Как прежде — когда в этих домах, тихонько постаревших на без малого сорок лет, проживала неимущая клиентура Бруно Иордана,— как прежде, был в силе запрет входить в эти подворотни, ступать в эти дворы. Появление ребятишек ОЖИСКО на пфлессеровской территории безнаказанным не останется—таков был раз навсегда установленный неписаный закон, которого никто не понимал, но все соблюдали, заклятье развеялось, вражда детских ватаг канула в прошлое. Не слышно свиста «пфлессеровских», не летят в воздух камни—вместо этого безмолвные взгляды стариков на лавках стерегут дворы от чужих. Давняя мечта посидеть когда-нибудь на одной из этих лавочек, не померкшая за столько лет, сегодня так же несбыточна, как прежде, пусть даже по совсем иным причинам.

Странно, что твой брат Лутц, хоть он и четырьмя годами моложе, не только понимал эту робость, но, казалось, и разделял ее, ведь именно он удержал Ленку, когда она с независимым видом шагнула в подворотню, на несшиеся со двора звуки бит-музыки, на зов ровесников. Не надо, сказал Лутц, останься здесь.— Почему это? — Так будет лучше. Вы двинулись дальше, и по дороге ты высчитала, что с зонненплац он уехал ровно в четыре года и после там уже не бывал — повода не возникало. Верно, сказал он, однако же не соблаговолил объяснить, откуда ему было известно, что на пфлессеровские дворы ходить нельзя.

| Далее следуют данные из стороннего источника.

(*
  In a torsion-free group, O(a) consists of the proper powers a^n, |n| \<ge> 2, of a, and these
  arcs are visible in the undirected graph through closed neighbourhoods: if a \<rightarrow> b and a \<rightarrow> c
  then N[a] is not covered by N[b] \<union> N[c], whereas for a chain a \<rightarrow> b \<rightarrow> c it is N[b] that is
  covered by N[a] \<union> N[c]. A graph isomorphism preserves such coverings, so it maps proper-power
  pairs to proper-power pairs, possibly reversed, and the orientations are coherent: a correct
  z \<rightarrow> x forces all of O(z) to be mapped onto O(\<phi> z), and a correct x \<rightarrow> y forces a correct z \<rightarrow> x.
  Conversely, if \<phi> maps O(z) onto O(\<phi> z) but reverses x \<rightarrow> y, then N[\<phi> x] \<inter> O(\<phi> z) - N[\<phi> y]
  is finite (its elements are powers of \<phi> z with exponents dividing that of \<phi> x), whereas its
  preimage N[x] \<inter> O(z) - N[y] contains the infinitely many x^(k|n|+1), where y = x^n.
  Torsion-freeness passes from G to H because in both groups the identity is the only possible
  isolated vertex, and it is isolated exactly when the group is torsion-free.
*)

definition proper_power :: "('a, 'b) monoid_scheme \<Rightarrow> 'a \<Rightarrow> 'a \<Rightarrow> bool" where
  "proper_power K a b \<longleftrightarrow>
     a \<in> carrier K \<and> a \<noteq> \<one>\<^bsub>K\<^esub> \<and> (\<exists>n::int. \<bar>n\<bar> \<ge> 2 \<and> b = a [^]\<^bsub>K\<^esub> n)"

definition closed_nbhd :: "('a, 'b) monoid_scheme \<Rightarrow> 'a \<Rightarrow> 'a set" where
  "closed_nbhd K a = insert a {b. zpow_adj K a b}"

lemma closed_nbhd_sym: "b \<in> closed_nbhd K a \<longleftrightarrow> a \<in> closed_nbhd K b"
  unfolding closed_nbhd_def zpow_adj_def by auto

lemma closed_nbhd_subset_carrier: "a \<in> carrier K \<Longrightarrow> closed_nbhd K a \<subseteq> carrier K"
  unfolding closed_nbhd_def zpow_adj_def zpow_arc_def by auto

context group
begin

lemma zpow_arc_trans_closed_nbhd:
  assumes "zpow_arc G a b" "zpow_arc G b c"
  shows "c \<in> closed_nbhd G a"
proof -
  obtain m n :: int where a: "a \<in> carrier G" and "m \<noteq> 0" "b = a [^] m" "n \<noteq> 0" "c = b [^] n"
    using assms unfolding zpow_arc_def by auto
  then have "m * n \<noteq> 0" "c = a [^] (m * n)" by (simp_all add: int_pow_pow)
  then show ?thesis
    using a unfolding closed_nbhd_def zpow_adj_def zpow_arc_def by (auto intro!: exI[of _ "m * n"])
qed

lemma closed_nbhd_subset_Un_of_zpow_arcs:
  assumes "zpow_arc G a b" "zpow_arc G b c"
  shows "closed_nbhd G b \<subseteq> closed_nbhd G a \<union> closed_nbhd G c"
proof
  fix e assume "e \<in> closed_nbhd G b"
  then consider "e = b" | "zpow_arc G b e" | "zpow_arc G e b"
    unfolding closed_nbhd_def zpow_adj_def by blast
  then show "e \<in> closed_nbhd G a \<union> closed_nbhd G c"
  proof cases
    case 1
    then show ?thesis using assms(1) unfolding closed_nbhd_def zpow_adj_def by blast
  next
    case 2
    then show ?thesis using zpow_arc_trans_closed_nbhd[OF assms(1)] by blast
  next
    case 3
    then have "c \<in> closed_nbhd G e" using zpow_arc_trans_closed_nbhd assms(2) by blast
    then show ?thesis by (simp add: closed_nbhd_sym)
  qed
qed

lemma nonzero_powers_inv:
  assumes "a \<in> carrier G"
  shows "(\<exists>n::int. n \<noteq> 0 \<and> c = inv a [^] n) \<longleftrightarrow> (\<exists>n::int. n \<noteq> 0 \<and> c = a [^] n)"
proof -
  have "inv a [^] n = a [^] (- n)" for n :: int
    using assms by (simp add: int_pow_inv int_pow_neg)
  then show ?thesis by (metis minus_minus neg_equal_0_iff_equal)
qed

lemma inv_in_nonzero_powers_iff:
  assumes "a \<in> carrier G" "c \<in> carrier G"
  shows "(\<exists>n::int. n \<noteq> 0 \<and> inv a = c [^] n) \<longleftrightarrow> (\<exists>n::int. n \<noteq> 0 \<and> a = c [^] n)"
proof -
  have "inv a = c [^] n \<longleftrightarrow> a = c [^] (- n)" for n :: int
    using assms by (metis inv_inv int_pow_closed int_pow_neg)
  then show ?thesis by (metis minus_minus neg_equal_0_iff_equal)
qed

lemma closed_nbhd_inv:
  assumes a: "a \<in> carrier G"
  shows "closed_nbhd G (inv a) = closed_nbhd G a"
proof -
  define linked where "linked c \<longleftrightarrow> c \<in> carrier G \<and>
    ((\<exists>n::int. n \<noteq> 0 \<and> c = a [^] n) \<or> (\<exists>n::int. n \<noteq> 0 \<and> a = c [^] n))" for c
  have "closed_nbhd G b = {a, inv a} \<union> Collect linked" if "b = a \<or> b = inv a" for b
  proof -
    have "a = a [^] (1::int)" "inv a = a [^] (-1::int)"
      using a by (simp_all add: int_pow_neg)
    then have "linked a" "linked (inv a)"
      using a unfolding linked_def by (metis one_neq_zero, metis inv_closed neg_equal_0_iff_equal one_neq_zero)
    moreover have "zpow_adj G b c \<longleftrightarrow> c \<noteq> b \<and> linked c" for c
    proof (cases "b = a")
      case True
      then show ?thesis using a unfolding zpow_adj_def zpow_arc_def linked_def by auto
    next
      case False
      then show ?thesis
        using that a nonzero_powers_inv[OF a, of c] inv_in_nonzero_powers_iff[OF a, of c]
        unfolding zpow_adj_def zpow_arc_def linked_def by auto
    qed
    ultimately show ?thesis
      using that unfolding closed_nbhd_def by blast
  qed
  then show ?thesis by simp
qed

lemma torsion_free_iff_one_isolated: "torsion_free G \<longleftrightarrow> (\<forall>b. \<not> zpow_adj G \<one> b)"
proof
  assume tf: "torsion_free G"
  show "\<forall>b. \<not> zpow_adj G \<one> b"
  proof (intro allI notI)
    fix b assume "zpow_adj G \<one> b"
    then obtain n :: int where b: "b \<in> carrier G" "b \<noteq> \<one>" and "n \<noteq> 0" "b [^] n = \<one>"
      unfolding zpow_adj_def zpow_arc_def by auto
    then have "ord b \<noteq> 0" using int_pow_eq_id[OF b(1), of n] by auto
    then show False using ord_eq_0[OF b(1)] tf b unfolding torsion_free_def by auto
  qed
next
  assume isolated: "\<forall>b. \<not> zpow_adj G \<one> b"
  show "torsion_free G"
    unfolding torsion_free_def
  proof (intro ballI allI impI)
    fix x and n :: nat assume "x \<in> carrier G" "n > 0" "x [^] n = \<one>"
    then have "x \<noteq> \<one> \<Longrightarrow> zpow_arc G x \<one>"
      unfolding zpow_arc_def by (auto intro!: exI[of _ "int n"] simp: int_pow_int)
    then show "x = \<one>" using isolated unfolding zpow_adj_def by blast
  qed
qed

lemma isolated_eq_one:
  assumes h: "h \<in> carrier G" and isolated: "\<forall>b. \<not> zpow_adj G h b"
  shows "h = \<one>"
proof (rule ccontr)
  assume h1: "h \<noteq> \<one>"
  have "zpow_arc G h (inv h) \<or> zpow_arc G h \<one>"
  proof (cases "inv h = h")
    case True
    then have "h [^] (2::int) = \<one>"
      using int_pow_mult[OF h, of 1 1] h r_inv[OF h] by simp
    then show ?thesis
      using h h1 unfolding zpow_arc_def by (metis one_closed zero_neq_numeral)
  next
    case False
    then show ?thesis
      using h unfolding zpow_arc_def by (metis int_pow_1 int_pow_neg inv_closed neg_equal_0_iff_equal one_neq_zero)
  qed
  then show False using isolated unfolding zpow_adj_def by blast
qed

end

locale torsion_free_group = group +
  assumes torsion_free: "torsion_free G"
begin

lemma int_pow_eq_iff:
  assumes "a \<in> carrier G" "a \<noteq> \<one>"
  shows "a [^] (m::int) = a [^] n \<longleftrightarrow> m = n"
proof -
  have "ord a = 0" using assms torsion_free ord_eq_0 unfolding torsion_free_def by blast
  then show ?thesis using int_pow_eq[OF assms(1)] by auto
qed

lemma proper_power_iff: "proper_power G a b \<longleftrightarrow> zpow_arc G a b \<and> b \<noteq> inv a"
proof
  assume "proper_power G a b"
  then obtain n :: int where a: "a \<in> carrier G" "a \<noteq> \<one>" and n: "\<bar>n\<bar> \<ge> 2" "b = a [^] n"
    unfolding proper_power_def by blast
  have "a [^] n \<noteq> a [^] (1::int)" "a [^] n \<noteq> a [^] (-1::int)"
    using n int_pow_eq_iff[OF a] by auto
  then show "zpow_arc G a b \<and> b \<noteq> inv a"
    using a n unfolding zpow_arc_def by (auto simp: int_pow_neg intro!: exI[of _ n])
next
  assume "zpow_arc G a b \<and> b \<noteq> inv a"
  then obtain n :: int where "a \<in> carrier G" "a \<noteq> b" "b \<noteq> inv a" "n \<noteq> 0" "b = a [^] n"
    unfolding zpow_arc_def by blast
  moreover from this have "n \<noteq> 1" "n \<noteq> -1" by (auto simp: int_pow_neg)
  ultimately show "proper_power G a b"
    unfolding proper_power_def by (auto intro!: exI[of _ n])
qed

В соблазнительных приглашениях, кстати, недостатка не было. Неллин отец, не в пример матери, охотно знакомил дочку с «традициями» будничной жизни, и воскресными утрами, когда он, зажав под мышкой пухлую черную книгу счетов, отправлялся взимать долги, Нелли спокойно могла бы войти вместе с ним в любой вонючий подъезд, в любой заросший красными бобами двор, но от чрезмерной застенчивости, которую девочка, как в один голос твердили все Йорданы, унаследовала от матери, она наотрез отказывалась сопровождать отца в этих походах; с таким же точно упрямством она противилась унизительному требованию разносить горшки с цветами и поздравительные либо траурные открытки, когда у отцовской клиентуры случались крестины, конфирмации, свадьбы или похороны.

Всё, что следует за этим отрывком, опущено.